Now I will issue another 5 pings and check the encrypted and decrypted packets again just to make sure everything is working properly:

 

HOST-192.168.1.2#ping 192.168.2.2 rep 5

 

Type escape sequence to abort.

 

Sending 5, 100-byte ICMP Echos to 192.168.2.2, timeout is 2 seconds:

 

!!!!!

 

Success rate is 100 percent (5/5), round-trip min/avg/max = 4/4/4 ms

 

HOST-192.168.1.2#

 

VIP_Aref_Blog_3.jpg

 

As you can see, we now have 16 packets either for the encrypted or decrypted ones. That means the traffic is flowing correctly and it is being passed through the tunnel as expected.

 

Furthermore:

 

EDGE#sh crypto sess

 

Crypto session current status

 

Interface: FastEthernet0/0

 

Session status: UP-ACTIVE

 

Peer: 10.10.10.2 port 500

 

IKEv1 SA: local 10.10.10.1/500 remote 10.10.10.2/500 Active

 

IPSEC FLOW: permit ip 192.168.1.0/255.255.255.0 192.168.2.0/255.255.255.0

 

Active SAs: 2, origin: crypto map

 

R2#sh cry sess

 

Crypto session current status

 

Interface: FastEthernet0/0

 

Session status: UP-ACTIVE

 

Peer: 10.10.10.1 port 500

 

IKE SA: local 10.10.10.2/500 remote 10.10.10.1/500 Active

 

IPSEC FLOW: permit ip 192.168.2.0/255.255.255.0 192.168.1.0/255.255.255.0

 

Active SAs: 2, origin: crypto map

 

Ok, so what is the point here?! Well, the very important thing to keep in mind when it comes to NAT is the traffic flow.

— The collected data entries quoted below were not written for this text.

definition J :: "(cu \<Rightarrow> complex) set" where
  "J = \<Inter> {I. closed_ideal I \<and> f0 \<in> I}"

definition sym_exp :: "cu \<Rightarrow> cu set" where
  "sym_exp v = {(fst v @ k, snd v @ k) | k. True}"

text \<open>Prefix n_l = (n_1,...,n_l) of an infinite word n.\<close>
definition pref :: "(nat \<Rightarrow> gen) \<Rightarrow> nat \<Rightarrow> gen list" where
  "pref n l = map n [0..<l]"

definition zero_sums_at :: "(cu \<Rightarrow> complex) \<Rightarrow> cu \<Rightarrow> bool" where
  "zero_sums_at f v \<longleftrightarrow>
     (\<forall>n :: nat \<Rightarrow> gen. (\<lambda>l. f (fst v @ pref n l, snd v @ pref n l)) sums 0)"

end

theory Submission
  imports Defs
begin

text \<open>Write F k = f(s_{ik} s_{jk}^*) for finite words k, and P k for the sum of F over the prefixes of k.
  Multiplying f0 by delta(s_{ik}) on the left and by delta(s_{jk}^*) on the right shows that the elements
  g_k = delta(s_{ik}s_{jk}^*) - delta(s_{ik1}s_{jk1}^*) - delta(s_{ik2}s_{jk2}^*) lie in J. By telescoping,
  h - \<Sum>_{|k| \<le> N} P k g_k is supported on the words of length > N, where it equals P k on length N + 1 and F k
  beyond. Since F sums to zero along every infinite branch, P k is minus the sum of F along any branch
  through k, so |P k| is bounded by the l^1 mass of F on the proper extensions of k. Hence the distance from
  h to J is at most twice the l^1 mass of F on words of length > N, which tends to zero.\<close>

instance gen :: finite
proof
  have "(UNIV :: gen set) = {G1, G2}" using gen.exhaust by auto
  then show "finite (UNIV :: gen set)" by (metis finite.emptyI finite_insert)
qed

lemma infsum_single_support:
  assumes "\<And>x. x \<in> A \<Longrightarrow> x \<noteq> p \<Longrightarrow> g x = 0"
  shows "infsum g A = (if p \<in> A then g p else 0)"
proof -
  have "infsum g A = infsum g (A \<inter> {p})"
    by (rule infsum_cong_neutral) (use assms in auto)
  then show ?thesis by (simp split: if_splits)
qed

lemma take_length_eq_iff: "take (length a) x = a \<longleftrightarrow> a @ drop (length a) x = x"
  by (metis append_eq_conv_conj append_take_drop_id)

lemma cu_mult_Nil_left: "cu_mult (a, []) (k, l) = Some (a @ k, l)"
  by (simp add: cu_mult_def)

lemma cu_mult_Nil_right: "cu_mult (i, j) ([], b) = Some (i, b @ j)"
  by (auto simp add: cu_mult_def)

lemma conv_delta_left:
  "conv (delta (a, [])) u (x, y) = (if take (length a) x = a then u (drop (length a) x, y) else 0)"
proof -
  have "conv (delta (a, [])) u (x, y) =
      (\<Sum>\<^sub>\<infinity>q\<in>{(s, w). cu_mult s w = Some (x, y)}. delta (a, []) (fst q) * u (snd q))"
    by (simp add: conv_def)
  also have "\<dots> = (if take (length a) x = a then u (drop (length a) x, y) else 0)"
    by (subst infsum_single_support[where p = "((a, []), (drop (length a) x, y))"])
      (auto simp: delta_def cu_mult_Nil_left take_length_eq_iff)
  finally show ?thesis .
qed

lemma conv_delta_right:
  "conv u (delta ([], b)) (x, y) = (if take (length b) y = b then u (x, drop (length b) y) else 0)"
proof -
  have "conv u (delta ([], b)) (x, y) =
      (\<Sum>\<^sub>\<infinity>q\<in>{(s, w). cu_mult s w = Some (x, y)}. u (fst q) * delta ([], b) (snd q))"
    by (simp add: conv_def)
  also have "\<dots> = (if take (length b) y = b then u (x, drop (length b) y) else 0)"
    by (subst infsum_single_support[where p = "((x, drop (length b) y), ([], b))"])
      (auto simp: delta_def cu_mult_Nil_right take_length_eq_iff)
  finally show ?thesis .
qed

lemma conv_delta_f0_delta:
  "conv (conv (delta (a, [])) f0) (delta ([], b)) =
     (\<lambda>t. delta (a, b) t - delta (a @ [G1], b @ [G1]) t - delta (a @ [G2], b @ [G2]) t)"
proof
  fix t :: cu
  obtain x y where t: "t = (x, y)" by (cases t)
  show "conv (conv (delta (a, [])) f0) (delta ([], b)) t =
      delta (a, b) t - delta (a @ [G1], b @ [G1]) t - delta (a @ [G2], b @ [G2]) t"
    unfolding t conv_delta_right conv_delta_left
    by (auto simp: f0_def delta_def cu_e_def take_length_eq_iff)
qed

lemma in_A_delta: "in_A (delta s)"
proof -
  have "(\<lambda>t. norm (delta s t)) summable_on {s}" by simp
  then show ?thesis
    unfolding in_A_def by (rule summable_on_cong_neutral[THEN iffD1, rotated -1]) (auto simp: delta_def)
qed

lemma closed_ideal_closure:
  assumes "closed_ideal I" "in_A g" "\<And>e. 0 < e \<Longrightarrow> \<exists>h\<in>I. l1norm (\<lambda>t. g t - h t) < e"
  shows "g \<in> I"
  using assms unfolding closed_ideal_def by blast

lemma closed_ideal_sum:
  assumes "closed_ideal I" "finite K" "\<And>k. k \<in> K \<Longrightarrow> g k \<in> I"
  shows "(\<lambda>t. \<Sum>k\<in>K. c k * g k t) \<in> I"
  using assms(2,3)
proof (induction K rule: finite_induct)
  case empty
  then show ?case using assms(1) by (simp add: closed_ideal_def)
next
  case (insert k K)
  then have "(\<lambda>t. c k * g k t) \<in> I" "(\<lambda>t. \<Sum>k\<in>K. c k * g k t) \<in> I"
    using assms(1) by (auto simp: closed_ideal_def)
  then show ?case using insert.hyps assms(1) by (simp add: closed_ideal_def)
qed

definition prefix_sum :: "('a list \<Rightarrow> 'b::comm_monoid_add) \<Rightarrow> 'a list \<Rightarrow> 'b" where
  "prefix_sum F m = (\<Sum>l\<le>length m. F (take l m))"

definition proper_extensions :: "'a list \<Rightarrow> 'a list set" where
  "proper_extensions m = {m @ w | w. w \<noteq> []}"

definition tail_sum :: "('a list \<Rightarrow> real) \<Rightarrow> nat \<Rightarrow> real" where
  "tail_sum a M = (\<Sum>\<^sub>\<infinity>w\<in>{w. M < length w}. a w)"

definition zero_branch_sums :: "(gen list \<Rightarrow> complex) \<Rightarrow> bool" where
  "zero_branch_sums F \<longleftrightarrow> (\<forall>n. (\<lambda>l. F (pref n l)) sums 0)"

lemma prefix_sum_Nil [simp]: "prefix_sum F [] = F []"
  by (simp add: prefix_sum_def)

lemma prefix_sum_snoc: "prefix_sum F (m @ [x]) = prefix_sum F m + F (m @ [x])"
  by (simp add: prefix_sum_def)

lemma norm_prefix_sum_le:
  fixes F :: "gen list \<Rightarrow> complex"
  assumes summable: "(\<lambda>w. norm (F w)) summable_on UNIV" and "zero_branch_sums F"
  shows "norm (prefix_sum F m) \<le> (\<Sum>\<^sub>\<infinity>w\<in>proper_extensions m. norm (F w))"
proof -
  define n where "n l = (if l < length m then m ! l else G1)" for l
  have inj: "inj (pref n)"
    by (rule injI) (metis length_map length_upt minus_nat.diff_0 pref_def)
  have pref_le: "pref n l = take l m" if "l \<le> length m" for l
    using that by (simp add: pref_def n_def list_eq_iff_nth_eq)
  have pref_gt: "pref n l \<in> proper_extensions m" if "length m < l" for l
  proof -
    have "pref n l = pref n (length m) @ map n [length m..<l]"
      using that upt_add_eq_append[of 0 "length m" "l - length m"] by (simp add: pref_def)
    then show ?thesis
      using that pref_le[of "length m"] by (auto simp: proper_extensions_def)
  qed
  define c where "c l = F (pref n l)" for l
  have "(\<lambda>l. norm (c l)) summable_on UNIV"
  proof -
    have "(\<lambda>w. norm (F w)) summable_on range (pref n)"
      using summable by (rule summable_on_subset_banach) simp
    then show ?thesis using summable_on_reindex[OF inj, of "\<lambda>w. norm (F w)"] by (simp add: c_def comp_def)
  qed
  then have norm_c: "(\<lambda>l. norm (c l)) summable_on A" for A
    by (rule summable_on_subset_banach) simp
  then have c: "c summable_on A" for A
    using summable_on_iff_abs_summable_on_complex by blast
  have "c sums infsum c UNIV"
    using c by (intro has_sum_imp_sums has_sum_infsum)
  moreover have "c sums 0" using assms(2) unfolding zero_branch_sums_def c_def[abs_def] by blast
  ultimately have "infsum c UNIV = 0" using sums_unique2 by blast
  moreover have "infsum c UNIV = infsum c {..length m} + infsum c {length m<..}"
  proof -
    have "(UNIV :: nat set) = {..length m} \<union> {length m<..}"
      and "{..length m} \<inter> {length m<..} = {}" by auto
    then show ?thesis using infsum_Un_disjoint[OF c c, of "{..length m}" "{length m<..}"] by simp
  qed
  moreover have "infsum c {..length m} = prefix_sum F m"
    by (simp add: prefix_sum_def c_def pref_le)
  ultimately have "prefix_sum F m = - infsum c {length m<..}"
    by (simp add: eq_neg_iff_add_eq_0)
  then have "norm (prefix_sum F m) \<le> (\<Sum>\<^sub>\<infinity>l\<in>{length m<..}. norm (c l))"
    using norm_infsum_bound[OF norm_c] by simp
  also have "\<dots> = (\<Sum>\<^sub>\<infinity>w\<in>pref n ` {length m<..}. norm (F w))"
    using infsum_reindex[OF inj_on_subset[OF inj subset_UNIV], of "\<lambda>w. norm (F w)"]
    by (simp add: c_def comp_def)
  also have "\<dots> \<le> (\<Sum>\<^sub>\<infinity>w\<in>proper_extensions m. norm (F w))"
    by (rule infsum_mono2) (auto intro: summable_on_subset_banach[OF summable] pref_gt)
  finally show ?thesis .
qed

lemma finite_words_length_le: "finite {w :: 'a::finite list. length w \<le> M}"
  using finite_lists_length_le[of "UNIV :: 'a set"] by simp

lemma tail_sum_tendsto_zero:
  fixes a :: "'a::finite list \<Rightarrow> real"
  assumes summable: "a summable_on UNIV" and nonneg: "\<And>w. 0 \<le> a w"
  shows "tail_sum a \<longlonglongrightarrow> 0"
proof (rule LIMSEQ_I)
  fix r :: real assume "0 < r"
  then obtain X where X: "finite X" "dist (sum a X) (infsum a UNIV) \<le> r / 2"
    using infsum_finite_approximation[OF summable, of "r / 2"] by auto
  have "norm (tail_sum a M - 0) < r" if M: "(\<Sum>x\<in>X. length x) \<le> M" for M
  proof -
    define Y where "Y = {w :: 'a list. length w \<le> M}"
    have "length x \<le> M" if "x \<in> X" for x
      using member_le_sum[OF that _ X(1), of length] M by linarith
    then have Y: "finite Y" "X \<subseteq> Y"
      using finite_words_length_le by (auto simp: Y_def)
    have "UNIV - Y = {w. M < length w}" by (auto simp: Y_def)
    then have "tail_sum a M = infsum a (UNIV - Y)" by (simp add: tail_sum_def)
    also have "\<dots> = infsum a UNIV - sum a Y"
      using infsum_Diff[OF summable] Y(1) by simp
    finally have "tail_sum a M = infsum a UNIV - sum a Y" .
    moreover have "sum a X \<le> sum a Y" using Y by (intro sum_mono2) (auto intro: nonneg)
    moreover have "0 \<le> tail_sum a M"
      unfolding tail_sum_def by (rule infsum_nonneg) (rule nonneg)
    ultimately show ?thesis using X(2) \<open>0 < r\<close> by (simp add: dist_real_def)
  qed
  then show "\<exists>M0. \<forall>M\<ge>M0. norm (tail_sum a M - 0) < r" by blast
qed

As we can see, if the incoming traffic does not go directly from an ingress interface (f0/1 in our topology) to an egress interface (f0/0 in out topology) NAT will not be triggered. Please remember that Loopback1 interface on EDGE has no NAT command applied. So NAT will only work if that traffic flows from the ingress interface to the egress one directly. In our example the f0/1 on EDGE is the inside interface and the f0/0 is the outside one. This happens whether we use the “legacy” NAT configuration (ip nat inside/outside) or the new one with NVI (ip nat enable). With the legacy one, we have to manually define the inside interface and the outside one, but with NVI the device will automatically find it.

 

I hope this information is helpful and I am happy to be posting my first blog as VIP.

Thanks to everyone for reading | Aref.